(* Let $d=1$ and, for probability measures $\mu$ on $\mathbb R$ with $\int|y|\,\mu(dy)<\infty$, let $$a(x,\mu)=x^2\Big(\int_{\mathbb R}|y|\,\mu(dy)\Big)^3,\qquad b(x,\mu)=-2x^3\int_{\mathbb R}|y|\,\mu(dy),\qquad L_\mu u=a(x,\mu)u''+b(x,\mu)u'.$$ (a) With $m=0$, $V(x)=x^2/2$ and $H\equiv0$, all assumptions of Corollary 2.3 hold: conditions (H1.1), (H1.2), (H1.3) and (H2) are satisfied, $|a(0,\mu)|+|b(0,\mu)|\le C_1+C_2\int H\,d\mu$ for any $C_1,C_2>0$, and there exist $C,\Lambda>0$ (e.g. $C=3$, $\Lambda=2$) such that $\int_{\mathbb R}L_\mu V\,d\mu\le C-\Lambda\int_{\mathbb R}V\,d\mu$ for every compactly supported probability measure $\mu$ on $\mathbb R$. (b) There is no function $U\in C^2(\mathbb R)$ with $U\ge0$, $U(x)\to+\infty$ as $|x|\to\infty$, together with positive numbers $C,\Lambda$, such that $L_\mu U(x)\le C-\Lambda U(x)$ for all $x\in\mathbb R$ and all probability measures $\mu$ with $\int U\,d\mu<\infty$ and $\int |y|\,d\mu<\infty$.
   Context: For a function $V\in C^2(\mathbb R^d)$, $V\ge0$, $V\to\infty$ at infinity: $\mathcal P_R(V)$ is the set of probability measures with $\int V\,d\mu\le R$; $\mathcal P(V)$ those with $V\in L^1(\mu)$; $\mu_n\to\mu$ $V$-weakly in $\mathcal P(V)$ means $\int f\,d\mu_n\to\int f\,d\mu$ for all continuous $f$ with $f/V\to0$ at infinity. With $m=0$ (no nondegenerate variables, $z=x$), the conditions read: (H1.1) vacuous; (H1.2) for every $R>0$ and every bounded interval $K$: $\sup_{x\in K,\mu\in\mathcal P_R(V)}(|a(x,\mu)|+|b(x,\mu)|)<\infty$; (H1.3) for every $R>0$ and every bounded interval $K$ there is a nonnegative continuous monotone $\omega_{K,R}$ on $[0,\infty)$ with $\omega_{K,R}(0)=0$ and $\sup_{\mu\in\mathcal P_R(V)}(|a(x,\mu)-a(x',\mu)|+|b(x,\mu)-b(x',\mu)|)\le\omega_{K,R}(|x-x'|)$ for $x,x'\in K$; (H2) for every $R>0$, if $\mu_n\in\mathcal P_R(V)$ converges $V$-weakly to $\mu\in\mathcal P_R(V)$ then $|a(x,\mu_n)-a(x,\mu)|+|b(x,\mu_n)-b(x,\mu)|\to0$ for every $x$. Corollary 2.3 (for reference) asserts existence of a probability solution of $(a(x,\mu)\mu)''-(b(x,\mu)\mu)'=0$ under (H1), (H2), the bound $|a(0,\mu)|+|b(0,\mu)|\le C_1+C_2\int H\,d\mu$ with continuous $H\ge0$, $H/V\to0$, and $\int L_\mu V\,d\mu\le C-\Lambda\int V\,d\mu$ for all compactly supported probability measures $\mu$. *)

theory Defs
  imports "HOL-Probability.Probability"
begin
□ □ □
= THE PROBLEM =
The answer must be the line containing "theory Defs" and every line after it through the last line of the records above, repeated exactly.

= SOLUTION =
theory Defs
  imports "HOL-Probability.Probability"
begin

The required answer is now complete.